→ REQUIREMENT
Your task is to copy the lines of the data below from the line holding "v. cramer_inv (frechet_derivative" through the line holding "obtains U V", inclusive, exactly and with nothing added.

____________________

section \<open>The bathtub principle\<close>

lemma nn_integral_bathtub:
  fixes g :: "'a \<Rightarrow> ennreal"
  assumes [measurable]: "g \<in> borel_measurable M" "A \<in> sets M" "B \<in> sets M"
    and AB: "emeasure M A = emeasure M B" and fin: "emeasure M B \<noteq> \<infinity>"
    and inside: "\<And>x. x \<in> B \<Longrightarrow> g x \<le> c" and outside: "\<And>x. x \<in> space M - B \<Longrightarrow> c \<le> g x"
  shows "(\<integral>\<^sup>+x. g x * indicator B x \<partial>M) \<le> (\<integral>\<^sup>+x. g x * indicator A x \<partial>M)"
proof -
  have split: "(\<integral>\<^sup>+x. g x * indicator S x \<partial>M) =
      (\<integral>\<^sup>+x. g x * indicator (S \<inter> T) x \<partial>M) + (\<integral>\<^sup>+x. g x * indicator (S - T) x \<partial>M)"
    if [measurable]: "S \<in> sets M" "T \<in> sets M" for S T
    by (subst nn_integral_add[symmetric]) (auto intro!: nn_integral_cong simp: indicator_def)
  have "emeasure M (A \<inter> B) \<le> emeasure M B"
    by (rule emeasure_mono) auto
  then have fin_AB: "emeasure M (A \<inter> B) \<noteq> \<infinity>"
    using fin by (auto simp: top_unique)
  have diff: "emeasure M (S - T) = emeasure M S - emeasure M (S \<inter> T)"
    if "S \<in> sets M" "T \<in> sets M" "emeasure M (S \<inter> T) \<noteq> \<infinity>" for S T
  proof -
    have "S - T = S - (S \<inter> T)"
      by blast
    then show ?thesis
      using emeasure_Diff[OF that(3)] that by auto
  qed
  have diff_eq: "emeasure M (B - A) = emeasure M (A - B)"
    using diff[of B A] diff[of A B] AB fin_AB by (simp add: Int_commute)
  have "(\<integral>\<^sup>+x. g x * indicator (B - A) x \<partial>M) \<le> (\<integral>\<^sup>+x. c * indicator (B - A) x \<partial>M)"
    using inside by (intro nn_integral_mono) (auto simp: indicator_def)
  also have "\<dots> = c * emeasure M (B - A)"
    by (rule nn_integral_cmult_indicator) auto
  also have "\<dots> = (\<integral>\<^sup>+x. c * indicator (A - B) x \<partial>M)"
    using diff_eq by (simp add: nn_integral_cmult_indicator)
  also have "\<dots> \<le> (\<integral>\<^sup>+x. g x * indicator (A - B) x \<partial>M)"
    using outside sets.sets_into_space[OF \<open>A \<in> sets M\<close>]
    by (intro nn_integral_mono) (auto simp: indicator_def)
  finally show ?thesis
    using split[of B A] split[of A B] by (simp add: Int_commute add_left_mono)
qed

section \<open>Symmetric decreasing rearrangement\<close>

lemma emeasure_ball_le_iff:
  fixes c :: "'a::euclidean_space"
  assumes "0 \<le> r" "0 \<le> s"
  shows "emeasure lborel (ball c r) \<le> emeasure lborel (ball c s) \<longleftrightarrow> r \<le> s"
  using assms by (simp add: emeasure_ball)

lemma less_emeasure_downward_closed_iff:
  fixes S :: "real set"
  assumes "S \<in> sets borel" "S \<subseteq> {0<..}" "0 \<le> s"
    and down: "\<And>t u. t \<in> S \<Longrightarrow> 0 < u \<Longrightarrow> u \<le> t \<Longrightarrow> u \<in> S"
  shows "ennreal s < emeasure lborel S \<longleftrightarrow> (\<exists>t\<in>S. s < t)"
proof
  assume "\<exists>t\<in>S. s < t"
  then obtain t where "t \<in> S" "s < t"
    by blast
  then have "ennreal s < emeasure lborel {0<..t}"
    using \<open>0 \<le> s\<close> by (simp add: ennreal_less_iff)
  also have "\<dots> \<le> emeasure lborel S"
    using \<open>t \<in> S\<close> down \<open>S \<in> sets borel\<close> by (intro emeasure_mono) auto
  finally show "ennreal s < emeasure lborel S" .
next
  assume "ennreal s < emeasure lborel S"
  show "\<exists>t\<in>S. s < t"
  proof (rule ccontr)
    assume "\<not> (\<exists>t\<in>S. s < t)"
    then have "S \<subseteq> {0<..s}"
      using \<open>S \<subseteq> {0<..}\<close> by force
    then have "emeasure lborel S \<le> ennreal s"
      using emeasure_mono[of S "{0<..s}" lborel] \<open>0 \<le> s\<close> by simp
    with \<open>ennreal s < emeasure lborel S\<close> show False
      by simp
  qed
qed

definition rearr_radius :: "R3 set \<Rightarrow> real" where
  "rearr_radius A = (SOME r. 0 \<le> r \<and> emeasure lborel (ball (0::R3) r) = emeasure lborel A)"

lemma rearr_radius:
  assumes "emeasure lborel A \<noteq> \<infinity>"
  shows "0 \<le> rearr_radius A" "emeasure lborel (ball (0::R3) (rearr_radius A)) = emeasure lborel A"
proof -
  define r where "r = root 3 (enn2real (emeasure lborel A) / unit_ball_vol 3)"
  have "0 \<le> r \<and> emeasure lborel (ball (0::R3) r) = emeasure lborel A"
    using assms by (simp add: r_def emeasure_ball unit_ball_vol_3 ennreal_enn2real_if)
  then have "0 \<le> rearr_radius A \<and>
      emeasure lborel (ball (0::R3) (rearr_radius A)) = emeasure lborel A"
    unfolding rearr_radius_def by (rule someI[of _ r])
  then show "0 \<le> rearr_radius A"
    "emeasure lborel (ball (0::R3) (rearr_radius A)) = emeasure lborel A"
    by auto
qed

lemma sym_rearr_set_eq_ball:
  "emeasure lborel A \<noteq> \<infinity> \<Longrightarrow> sym_rearr_set A = ball 0 (rearr_radius A)"
  by (simp add: sym_rearr_set_def rearr_radius_def)

lemma rearr_radius_mono:
  assumes "emeasure lborel A \<le> emeasure lborel B" "emeasure lborel B \<noteq> \<infinity>"
  shows "rearr_radius A \<le> rearr_radius B"
proof -
  have "emeasure lborel A \<noteq> \<infinity>"
    using assms by (auto simp: top_unique)
  then show ?thesis
    using assms rearr_radius[of A] rearr_radius[of B] emeasure_ball_le_iff[of _ _ "0::R3"] by metis
qed

lemma sym_dec_rearr_nonneg: "0 \<le> sym_dec_rearr f x"
  by (simp add: sym_dec_rearr_def)

definition level_radius :: "(R3 \<Rightarrow> real) \<Rightarrow> real \<Rightarrow> real" where
  "level_radius f t = rearr_radius {x. t < \<bar>f x\<bar>}"

text \<open>
  The heights \<open>t > 0\<close> whose rearranged level set contains \<open>x\<close>; the layer-cake definition
  of \<open>sym_dec_rearr\<close> makes \<open>sym_dec_rearr f x\<close> the length of this set.
\<close>

definition rearr_levels :: "(R3 \<Rightarrow> real) \<Rightarrow> R3 \<Rightarrow> real set" where
  "rearr_levels f x = {t. 0 < t \<and> norm x < level_radius f t}"

context
  fixes f :: "R3 \<Rightarrow> real"
  assumes f_measurable [measurable]: "f \<in> borel_measurable lborel"
    and level_set_finite: "\<And>t. 0 < t \<Longrightarrow> emeasure lborel {x. t < \<bar>f x\<bar>} \<noteq> \<infinity>"
begin

lemma level_radius:
  assumes "0 < t"
  shows "0 \<le> level_radius f t"
    "emeasure lborel (ball (0::R3) (level_radius f t)) = emeasure lborel {x. t < \<bar>f x\<bar>}"
  using rearr_radius[OF level_set_finite[OF assms]] by (simp_all add: level_radius_def)

lemma sym_rearr_level_set:
  "0 < t \<Longrightarrow> sym_rearr_set {x. t < \<bar>f x\<bar>} = ball 0 (level_radius f t)"
  unfolding level_radius_def by (rule sym_rearr_set_eq_ball[OF level_set_finite])

lemma level_radius_antimono:
  assumes "0 < s" "s \<le> t"
  shows "level_radius f t \<le> level_radius f s"
proof -
  have "emeasure lborel {x. t < \<bar>f x\<bar>} \<le> emeasure lborel {x. s < \<bar>f x\<bar>}"
    using assms by (intro emeasure_mono) auto
  then show ?thesis
    unfolding level_radius_def using level_set_finite[OF \<open>0 < s\<close>] by (rule rearr_radius_mono)
qed
(* Induction over all smooth h simultaneously: the derivative of h \<circ> \<Psi> is again of the form
   h' \<circ> \<Psi> for a smooth h' on W, by the formula for the derivative of \<Psi>. *)
lemma Ck_compose_local_inverse:
  fixes \<Phi> \<Psi> :: "complex \<Rightarrow> complex" and h :: "complex \<Rightarrow> 'b::real_normed_vector"
  assumes \<Phi>: "smooth_open W \<Phi>"
    and nz: "\<And>x. x \<in> W \<Longrightarrow> det2 (frechet_derivative \<Phi> (at x) 1) (frechet_derivative \<Phi> (at x) \<i>) \<noteq> 0"
    and "open V" and "\<Psi> ` V \<subseteq> W" and "continuous_on V \<Psi>"
    and \<Psi>: "\<And>y. y \<in> V \<Longrightarrow> (\<Psi> has_derivative
       cramer_inv (frechet_derivative \<Phi> (at (\<Psi> y)) 1) (frechet_derivative \<Phi> (at (\<Psi> y)) \<i>)) (at y)"
    and "smooth_open W h"
  shows "Ck n V (\<lambda>y. h (\<Psi> y))"
  using \<open>smooth_open W h\<close>
proof (induction n arbitrary: h)
  case 0
  then show ?case
    using continuous_on_compose2[OF smooth_open_continuous_on \<open>continuous_on V \<Psi>\<close> \<open>\<Psi> ` V \<subseteq> W\<close>]
    by simp
next
  case (Suc n)
  let ?inv = "\<lambda>x v. cramer_inv (frechet_derivative \<Phi> (at x) 1) (frechet_derivative \<Phi> (at x) \<i>) v"
  show ?case
  proof (rule Ck_SucI[OF \<open>open V\<close>])
    fix y assume "y \<in> V"
    then show "((\<lambda>y. h (\<Psi> y)) has_derivative
        (\<lambda>v. frechet_derivative h (at (\<Psi> y)) (?inv (\<Psi> y) v))) (at y)"
      using has_derivative_compose[OF \<Psi> smooth_open_has_derivative[OF Suc.prems]] \<open>\<Psi> ` V \<subseteq> W\<close>
      by blast
  next
    fix v
    have "smooth_open W (\<lambda>x. frechet_derivative h (at x) (?inv x v))"
      by (intro smooth_open_frechet_derivative_apply smooth_open_cramer_inv
          smooth_open_frechet_derivative Suc.prems \<Phi> nz)
    then show "Ck n V (\<lambda>y. frechet_derivative h (at (\<Psi> y)) (?inv (\<Psi> y) v))"
      by (rule Suc.IH)
  qed
qed

lemma smooth_local_inverse:
  fixes \<Phi> :: "complex \<Rightarrow> complex"
  assumes "smooth_open W \<Phi>" and "x0 \<in> W"
    and "det2 (frechet_derivative \<Phi> (at x0) 1) (frechet_derivative \<Phi> (at x0) \<i>) \<noteq> 0"
  obtains U V \<Psi> where "open U" "U \<subseteq> W" "x0 \<in> U" "open V" "homeomorphism U V \<Phi> \<Psi>"
    "\<And>h :: complex \<Rightarrow> 'b::real_normed_vector. smooth_open W h \<Longrightarrow> smooth_open V (\<lambda>y. h (\<Psi> y))"
proof -
  have W: "open W" using assms(1) by (rule smooth_open_imp_open)
  obtain U V \<Psi> where UV: "open U" "U \<subseteq> W" "x0 \<in> U" "open V" "homeomorphism U V \<Phi> \<Psi>"
    and der: "\<And>y. y \<in> V \<Longrightarrow> (\<Psi> has_derivative
       cramer_inv (frechet_derivative \<Phi> (at (\<Psi> y)) 1) (frechet_derivative \<Phi> (at (\<Psi> y)) \<i>)) (at y)"
    and nz: "\<And>x. x \<in> U \<Longrightarrow> det2 (frechet_derivative \<Phi> (at x) 1) (frechet_derivative \<Phi> (at x) \<i>) \<noteq> 0"
    using inverse_function_theorem_complex[OF W _ assms(2,3)] assms(1) by (metis smooth_open_def)
  have "smooth_open V (\<lambda>y. h (\<Psi> y))" if "smooth_open W h" for h :: "complex \<Rightarrow> 'b"
    unfolding smooth_open_def
    using Ck_compose_local_inverse[OF smooth_open_subset[OF assms(1) UV(1,2)] nz UV(4)
        homeomorphism_image2[OF UV(5), THEN equalityD1] homeomorphism_cont2[OF UV(5)] der
        smooth_open_subset[OF that UV(1,2)]] UV(4)
    by blast
  then show ?thesis using that[OF UV] by blast
qed

section \<open>Jordan domains bounded by smooth closed curves\<close>

lemma connected_subset_inside:
  assumes "connected T" and "T \<inter> S = {}" and "x \<in> T" and "x \<in> inside S"
  shows "T \<subseteq> inside S"
  using assms inside_same_component[of S x] unfolding connected_component_def by blast

lemma connected_subset_if_frontier_disjoint:
  "connected T \<Longrightarrow> T \<inter> frontier A = {} \<Longrightarrow> T \<inter> A \<noteq> {} \<Longrightarrow> T \<subseteq> A"
  using connected_Int_frontier by blast

lemma interior_eq_inside_Jordan:
  fixes c :: "real \<Rightarrow> complex"
  assumes "simple_path c" and "pathfinish c = pathstart c"
    and "bounded D" and "frontier D = path_image c" and "interior D \<noteq> {}"
  shows "interior D = inside (path_image c)"
proof -
  let ?\<Gamma> = "path_image c"
  have conn: "connected (inside ?\<Gamma>)" "connected (outside ?\<Gamma>)"
    and unbounded: "\<not> bounded (outside ?\<Gamma>)"
    using Jordan_inside_outside[OF assms(1,2)] by auto
  have fr: "inside ?\<Gamma> \<inter> frontier (interior D) = {}" "outside ?\<Gamma> \<inter> frontier (interior D) = {}"
    using frontier_interior_subset[of D] assms(4) inside_no_overlap[of ?\<Gamma>] outside_no_overlap[of ?\<Gamma>]
    by blast+
  have "interior D \<inter> outside ?\<Gamma> = {}"
  proof (rule ccontr)
    assume "interior D \<inter> outside ?\<Gamma> \<noteq> {}"
    then have "outside ?\<Gamma> \<subseteq> interior D"
      using connected_subset_if_frontier_disjoint[OF conn(2) fr(2)] by (simp add: Int_commute)
    then show False using unbounded \<open>bounded D\<close> bounded_subset interior_subset by blast
  qed
  moreover have "interior D \<inter> ?\<Gamma> = {}"
    using assms(4) by (auto simp: frontier_def)
  ultimately have sub: "interior D \<subseteq> inside ?\<Gamma>"
    using inside_Un_outside[of ?\<Gamma>] by blast
  then have "inside ?\<Gamma> \<inter> interior D \<noteq> {}"
    using assms(5) by blast
  then have "inside ?\<Gamma> \<subseteq> interior D"
    using connected_subset_if_frontier_disjoint[OF conn(1) fr(1)] by (simp add: Int_commute)
  then show ?thesis using sub by blast
qed

lemma closed_eq_inside_Un_Jordan:
  fixes c :: "real \<Rightarrow> complex"
  assumes "simple_path c" and "pathfinish c = pathstart c" and "closed D"
    and "bounded D" and "frontier D = path_image c" and "interior D \<noteq> {}"
  shows "D = inside (path_image c) \<union> path_image c"
proof -
  have "D = interior D \<union> frontier D"
    using closure_Un_frontier[of D] interior_subset[of D] \<open>closed D\<close> unfolding frontier_def by auto
  then show ?thesis using interior_eq_inside_Jordan[OF assms(1,2,4-6)] assms(5) by simp
qed

context
  fixes \<gamma> :: "real \<Rightarrow> complex"
  assumes curve: "smooth_closed_curve \<gamma>"
begin

lemma smooth_closed_curve_periodic: "\<gamma> (t + of_int k) = \<gamma> t"
proof (induction k arbitrary: t rule: int_induct[where k = 0])
  case base
  then show ?case by simp
next
  case (step1 i)
  then show ?case using curve[unfolded smooth_closed_curve_def] by (metis add.assoc of_int_add of_int_1)
next
  case (step2 i)
  then show ?case using curve[unfolded smooth_closed_curve_def]
    by (metis diff_add_cancel of_int_1 of_int_diff add_diff_eq)
qed

lemma smooth_closed_curve_frac: "\<gamma> (frac t) = \<gamma> t"
  using smooth_closed_curve_periodic[of t "- \<lfloor>t\<rfloor>"] by (simp add: frac_def)

lemma smooth_closed_curve_in_path_image: "\<gamma> t \<in> path_image \<gamma>"
  using smooth_closed_curve_frac[of t] frac_lt_1[of t] frac_ge_0[of t]
  unfolding path_image_def by (metis atLeastAtMost_iff image_eqI less_imp_le)

lemma smooth_closed_curve_eq_imp_frac_eq: "\<gamma> s = \<gamma> t \<Longrightarrow> frac s = frac t"
  using curve frac_lt_1 smooth_closed_curve_frac[of s] smooth_closed_curve_frac[of t]
  unfolding smooth_closed_curve_def inj_on_def by (metis atLeastLessThan_iff frac_ge_0)

lemma smooth_closed_curve_continuous: "continuous_on UNIV \<gamma>"
  using curve smooth_open_continuous_on unfolding smooth_closed_curve_def by blast

lemma pathfinish_smooth_closed_curve: "pathfinish \<gamma> = pathstart \<gamma>"
  using curve unfolding smooth_closed_curve_def pathfinish_def pathstart_def by (metis add_0)

lemma simple_path_smooth_closed_curve: "simple_path \<gamma>"
  unfolding simple_path_def loop_free_def path_def
proof (intro conjI ballI impI)
  show "continuous_on {0..1} \<gamma>"
    using smooth_closed_curve_continuous continuous_on_subset by blast
  fix x y :: real
  assume "x \<in> {0..1}" "y \<in> {0..1}" "\<gamma> x = \<gamma> y"
  moreover have "frac u = (if u = 1 then 0 else u)" if "u \<in> {0..1}" for u :: real
    using that frac_of_int[of 1] by (auto simp: frac_eq)
  ultimately show "x = y \<or> x = 0 \<and> y = 1 \<or> x = 1 \<and> y = 0"
    using smooth_closed_curve_eq_imp_frac_eq by (smt (verit))
qed

lemma smooth_closed_curve_has_vector_derivative:
  "(\<gamma> has_vector_derivative vector_derivative \<gamma> (at t)) (at t)"
  using curve Ck_Suc_has_derivative[of 0 UNIV \<gamma> t] vector_derivative_works
  unfolding smooth_closed_curve_def smooth_open_def differentiable_def by blast

lemma smooth_closed_curve_shift_has_vector_derivative:
  "((\<lambda>s. \<gamma> (t0 + s)) has_vector_derivative vector_derivative \<gamma> (at t0)) (at 0 within S)"
proof -
  have "((\<lambda>s. t0 + s) has_vector_derivative 1) (at 0)"
    by (auto intro!: derivative_eq_intros simp: has_vector_derivative_def)
  moreover have "(\<gamma> has_vector_derivative vector_derivative \<gamma> (at t0)) (at ((\<lambda>s. t0 + s) 0))"
    using smooth_closed_curve_has_vector_derivative by simp
  ultimately show ?thesis
    using vector_diff_chain_at has_vector_derivative_at_within by (fastforce simp: o_def)
qed

lemma smooth_closed_curve_continuous_derivative:
  "continuous_on UNIV (\<lambda>t. vector_derivative \<gamma> (at t))"
proof -
  have "frechet_derivative \<gamma> (at t) 1 = vector_derivative \<gamma> (at t)" for t
    using smooth_closed_curve_has_vector_derivative[of t] frechet_derivative_at
    unfolding has_vector_derivative_def by (metis scaleR_one)
  then show ?thesis
    using curve Ck_Suc_frechet_derivative[of 0 UNIV \<gamma> 1]
    unfolding smooth_closed_curve_def smooth_open_def by simp
qed

lemma smooth_closed_curve_near_point:
  assumes "a > 0"
  obtains e where "e > 0"
    "\<And>z. z \<in> path_image \<gamma> \<Longrightarrow> dist z (\<gamma> t0) < e \<Longrightarrow> \<exists>s. \<bar>s - t0\<bar> \<le> a \<and> z = \<gamma> s"
proof -
  define K where "K = \<gamma> ` {t0 + a .. t0 + 1 - a}"
  have "compact K"
    unfolding K_def
    using compact_continuous_image[OF continuous_on_subset[OF smooth_closed_curve_continuous] compact_Icc]
    by blast
  have "\<gamma> t0 \<notin> K"
  proof
    assume "\<gamma> t0 \<in> K"
    then obtain s where s: "t0 + a \<le> s" "s \<le> t0 + 1 - a" "\<gamma> s = \<gamma> t0"
      unfolding K_def by auto
    then have "s - t0 = of_int (\<lfloor>s\<rfloor> - \<lfloor>t0\<rfloor>)"
      using smooth_closed_curve_eq_imp_frac_eq[OF s(3)] unfolding frac_def by simp
    moreover have "0 < s - t0" "s - t0 < 1" using s(1,2) \<open>a > 0\<close> by auto
    ultimately have "0 < \<lfloor>s\<rfloor> - \<lfloor>t0\<rfloor> \<and> \<lfloor>s\<rfloor> - \<lfloor>t0\<rfloor> < 1"
      by (metis of_int_0_less_iff of_int_less_1_iff)
    then show False by linarith
  qed
  moreover have "open (- K)"
    using compact_imp_closed[OF \<open>compact K\<close>] by (simp add: open_Compl)
  ultimately obtain e where e: "e > 0" "ball (\<gamma> t0) e \<subseteq> - K"
    using open_contains_ball by blast
  show ?thesis
  proof (rule that[OF e(1)])
    fix z assume "z \<in> path_image \<gamma>" and z: "dist z (\<gamma> t0) < e"
    then obtain s where s: "z = \<gamma> s" unfolding path_image_def by auto
    define s' where "s' = s - of_int \<lfloor>s - (t0 - a)\<rfloor>"
    have "\<gamma> s' = z"
      using smooth_closed_curve_periodic[of s "- \<lfloor>s - (t0 - a)\<rfloor>"] unfolding s'_def s by simp
    moreover have "t0 - a \<le> s'" "s' < t0 - a + 1"
      unfolding s'_def by linarith+
    ultimately have s': "t0 - a \<le> s'" "s' < t0 - a + 1" "\<gamma> s' = z" by auto
    have "z \<notin> K" using e(2) z by (auto simp: dist_commute subset_iff)
    then have "s' < t0 + a"
      using s' unfolding K_def by force
    then show "\<exists>s. \<bar>s - t0\<bar> \<le> a \<and> z = \<gamma> s"
      using s' by (intro exI[of _ s']) auto
  qed
qed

____________________

→ OUTPUT
  let ?inv = "\<lambda>x v. cramer_inv (frechet_derivative \<Phi> (at x) 1) (frechet_derivative \<Phi> (at x) \<i>) v"
  show ?case
  proof (rule Ck_SucI[OF \<open>open V\<close>])
    fix y assume "y \<in> V"
    then show "((\<lambda>y. h (\<Psi> y)) has_derivative
        (\<lambda>v. frechet_derivative h (at (\<Psi> y)) (?inv (\<Psi> y) v))) (at y)"
      using has_derivative_compose[OF \<Psi> smooth_open_has_derivative[OF Suc.prems]] \<open>\<Psi> ` V \<subseteq> W\<close>
      by blast
  next
    fix v
    have "smooth_open W (\<lambda>x. frechet_derivative h (at x) (?inv x v))"
      by (intro smooth_open_frechet_derivative_apply smooth_open_cramer_inv
          smooth_open_frechet_derivative Suc.prems \<Phi> nz)
    then show "Ck n V (\<lambda>y. frechet_derivative h (at (\<Psi> y)) (?inv (\<Psi> y) v))"
      by (rule Suc.IH)
  qed
qed

lemma smooth_local_inverse:
  fixes \<Phi> :: "complex \<Rightarrow> complex"
  assumes "smooth_open W \<Phi>" and "x0 \<in> W"
    and "det2 (frechet_derivative \<Phi> (at x0) 1) (frechet_derivative \<Phi> (at x0) \<i>) \<noteq> 0"
  obtains U V \<Psi> where "open U" "U \<subseteq> W" "x0 \<in> U" "open V" "homeomorphism U V \<Phi> \<Psi>"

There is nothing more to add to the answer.